:: Records provided

(* Placing a value v < b into an unfilled box does not change the dimension partners of b:
   partners below b behave the same whether they hold 0 or v. *)
lemma dim_boxes_update_unfilled:
  assumes "T p = 0" "v < b"
  shows "dim_boxes \<mu> (T(p := v)) b = dim_boxes \<mu> T b"
proof -
  have "(T(p := v)) x < b \<longleftrightarrow> T x < b" "(T(p := v)) x = b \<longleftrightarrow> T x = b"
    "b \<le> (T(p := v)) x \<longleftrightarrow> b \<le> T x" for x
    using assms by auto
  then show ?thesis unfolding dim_boxes_def by presburger
qed

(* The box receiving the value i at a Level i vertex when row k is chosen: the rightmost
   unfilled box of row k, i.e. the far-right box of row k of the unfilled composition. *)
abbreviation last_unfilled :: "nat list \<Rightarrow> (nat \<times> nat \<Rightarrow> nat) \<Rightarrow> nat \<Rightarrow> nat \<times> nat" where
  "last_unfilled \<mu> T k \<equiv> (k, unfilled_shape \<mu> T ! k - 1)"

context
  fixes \<mu> :: "nat list" and i :: nat and T :: "nat \<times> nat \<Rightarrow> nat" and k :: nat
  assumes pf: "partial_filling \<mu> (Suc i) T"
    and k: "k < length \<mu>" "0 < unfilled_shape \<mu> T ! k"
begin

lemma last_unfilled_in_boxes: "last_unfilled \<mu> T k \<in> boxes \<mu>"
  and last_unfilled_empty: "T (last_unfilled \<mu> T k) = 0"
  using k unfilled_shape_le[OF k(1), of T] partial_filling_unfilled_iff[OF pf]
  by (auto simp: boxes_def)

lemma shape_after_place:
  assumes "r < length \<mu>"
  shows "unfilled_shape \<mu> (T(last_unfilled \<mu> T k := Suc i)) ! r =
    (if r = k then unfilled_shape \<mu> T ! k - 1 else unfilled_shape \<mu> T ! r)"
proof (rule unfilled_shape_eqI[OF assms])
  show "(if r = k then unfilled_shape \<mu> T ! k - 1 else unfilled_shape \<mu> T ! r) \<le> \<mu> ! r"
    using unfilled_shape_le[OF assms, of T] by auto
  show "(T(last_unfilled \<mu> T k := Suc i)) (r, c) = 0 \<longleftrightarrow>
      c < (if r = k then unfilled_shape \<mu> T ! k - 1 else unfilled_shape \<mu> T ! r)"
    if "c < \<mu> ! r" for c
    using partial_filling_unfilled_iff[OF pf, of r c] that assms k(2) by (auto simp: boxes_def)
qed

lemma bij_after_place:
  "bij_betw (T(last_unfilled \<mu> T k := Suc i))
     {p \<in> boxes \<mu>. (T(last_unfilled \<mu> T k := Suc i)) p \<noteq> 0} {Suc i..sum_list \<mu>}"
proof -
  let ?p = "last_unfilled \<mu> T k" and ?n = "sum_list \<mu>"
  let ?F = "{p \<in> boxes \<mu>. T p \<noteq> 0}" and ?T' = "T(last_unfilled \<mu> T k := Suc i)"
  have le: "Suc i \<le> ?n" and bij: "bij_betw T ?F {Suc (Suc i)..?n}"
    using pf by (simp_all add: partial_filling_def)
  have "bij_betw ?T' ?F {Suc (Suc i)..?n}"
    using bij_betw_cong[of ?F ?T' T] bij last_unfilled_empty by fastforce
  then have "bij_betw ?T' (?F \<union> {?p}) ({Suc (Suc i)..?n} \<union> {?T' ?p})"
    using last_unfilled_empty by (intro notIn_Un_bij_betw) auto
  moreover have "?F \<union> {?p} = {p \<in> boxes \<mu>. ?T' p \<noteq> 0}"
    using last_unfilled_in_boxes last_unfilled_empty by auto
  moreover have "{Suc (Suc i)..?n} \<union> {?T' ?p} = {Suc i..?n}"
    using le by auto
  ultimately show ?thesis by simp
qed

(* ... keeps the rows increasing, since i+1 is smaller than all entries to its right ... *)
lemma rows_after_place:
  assumes rc: "(r, Suc c) \<in> boxes \<mu>" "(T(last_unfilled \<mu> T k := Suc i)) (r, c) \<noteq> 0"
  shows "(T(last_unfilled \<mu> T k := Suc i)) (r, c) < (T(last_unfilled \<mu> T k := Suc i)) (r, Suc c)"
proof (cases "(r, c) = last_unfilled \<mu> T k")
  case True
  then have "r = k" "Suc c = unfilled_shape \<mu> T ! k" using k(2) by auto
  then have "T (r, Suc c) \<noteq> 0" and "(r, Suc c) \<noteq> last_unfilled \<mu> T k"
    using partial_filling_unfilled_iff[OF pf rc(1)] by auto
  then show ?thesis using True partial_filling_filled_gt[OF pf] by fastforce
next
  case False
  then have "T (r, c) \<noteq> 0" using rc(2) by (metis fun_upd_other)
  moreover have "T (r, c) < T (r, Suc c)" if "T (r, c) \<noteq> 0"
    using pf rc(1) that by (auto simp: partial_filling_def)
  ultimately have "T (r, c) < T (r, Suc c)" and "(r, Suc c) \<noteq> last_unfilled \<mu> T k"
    using last_unfilled_empty by auto
  then show ?thesis using False by (metis fun_upd_other)
qed

lemma partial_filling_place: "partial_filling \<mu> i (T(last_unfilled \<mu> T k := Suc i))"
proof -
  let ?T' = "T(last_unfilled \<mu> T k := Suc i)"
  have le: "i \<le> sum_list \<mu>" and support: "\<forall>p. T p \<noteq> 0 \<longrightarrow> p \<in> boxes \<mu>"
    using pf by (simp_all add: partial_filling_def)
  have support': "\<forall>p. ?T' p \<noteq> 0 \<longrightarrow> p \<in> boxes \<mu>"
    using support last_unfilled_in_boxes by auto
  have segment': "\<forall>r<length \<mu>. \<forall>c<\<mu> ! r. ?T' (r, c) = 0 \<longleftrightarrow> c < unfilled_shape \<mu> ?T' ! r"
  proof (intro allI impI)
    fix r c assume r: "r < length \<mu>" and c: "c < \<mu> ! r"
    show "?T' (r, c) = 0 \<longleftrightarrow> c < unfilled_shape \<mu> ?T' ! r"
      unfolding shape_after_place[OF r]
      using partial_filling_unfilled_iff[OF pf, of r c] r c k(2) by (auto simp: boxes_def)
  qed
  show ?thesis unfolding partial_filling_def
    using le support' segment' bij_after_place rows_after_place by blast
qed

(* The new value i+1 is the only entry equal to i+1, and the entries below it are exactly
   the 0s of the other unfilled boxes: everything placed earlier exceeds i+1. *)
lemma placed_value_unique:
  "(T(last_unfilled \<mu> T k := Suc i)) q = Suc i \<Longrightarrow> q = last_unfilled \<mu> T k"
  using partial_filling_filled_gt[OF pf, of q] by (cases "q = last_unfilled \<mu> T k") auto

lemma below_placed_value_iff:
  "(T(last_unfilled \<mu> T k := Suc i)) p < Suc i \<longleftrightarrow> T p = 0 \<and> p \<noteq> last_unfilled \<mu> T k"
  using partial_filling_filled_gt[OF pf, of p]
  by (cases "p = last_unfilled \<mu> T k"; cases "T p = 0") auto

(* A dimension partner of the new value i+1 is the last unfilled box of a row preceding
   row k in the dimension ordering: it must be unfilled, its right neighbour must not lie
   below i+1, and it must be right of or below the new box. *)
lemma placed_value_partner:
  assumes "(r, c) \<in> dim_boxes \<mu> (T(last_unfilled \<mu> T k := Suc i)) (Suc i)"
  shows "r \<in> set (dim_order (unfilled_shape \<mu> T))" and "dim_before (unfilled_shape \<mu> T) r k"
    and "c = unfilled_shape \<mu> T ! r - 1"
proof -
  let ?u = "unfilled_shape \<mu> T" and ?p = "last_unfilled \<mu> T k"
    and ?T' = "T(last_unfilled \<mu> T k := Suc i)"
  have box: "(r, c) \<in> boxes \<mu>" and small: "?T' (r, c) < Suc i"
    and partner: "\<exists>q\<in>boxes \<mu>. ?T' q = Suc i \<and> ((snd q = c \<and> r < fst q) \<or> snd q < c)"
    and right: "(r, Suc c) \<in> boxes \<mu> \<Longrightarrow> Suc i \<le> ?T' (r, Suc c)"
    using assms unfolding mem_dim_boxes by blast+
  have partner: "(?u ! k - 1 = c \<and> r < k) \<or> ?u ! k - 1 < c"
  proof -
    from partner obtain q where q: "?T' q = Suc i" "(snd q = c \<and> r < fst q) \<or> snd q < c"
      by blast
    with placed_value_unique[OF q(1)] show ?thesis by simp
  qed
  have r: "r < length \<mu>" using box by (simp add: boxes_def)
  have "T (r, c) = 0" using small below_placed_value_iff by blast
  then have c: "c < ?u ! r" using partial_filling_unfilled_iff[OF pf box] by simp
  then show "r \<in> set (dim_order ?u)" using r by (simp add: mem_dim_order_unfilled_shape)
  show c_last: "c = ?u ! r - 1"
  proof (rule ccontr)
    assume "c \<noteq> ?u ! r - 1"
    then have "Suc c < ?u ! r" using c by linarith
    then have "(r, Suc c) \<in> boxes \<mu>" "T (r, Suc c) = 0"
      using r unfilled_shape_le[OF r, of T] partial_filling_unfilled_iff[OF pf]
      by (auto simp: boxes_def)
    moreover have "(r, Suc c) \<noteq> ?p" using partner by auto
    ultimately show False using right below_placed_value_iff[of "(r, Suc c)"] by simp
  qed
  show "dim_before ?u r k"
    using partner c c_last k(2) by (auto simp: dim_before_def)
qed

::::

* [About this task]
Above are the records; copy exactly the lines from the line with "list \<Rightarrow> (nat" through the line with "and k :: nat", both included.

* [Response to the exercise]
abbreviation last_unfilled :: "nat list \<Rightarrow> (nat \<times> nat \<Rightarrow> nat) \<Rightarrow> nat \<Rightarrow> nat \<times> nat" where
  "last_unfilled \<mu> T k \<equiv> (k, unfilled_shape \<mu> T ! k - 1)"

context
  fixes \<mu> :: "nat list" and i :: nat and T :: "nat \<times> nat \<Rightarrow> nat" and k :: nat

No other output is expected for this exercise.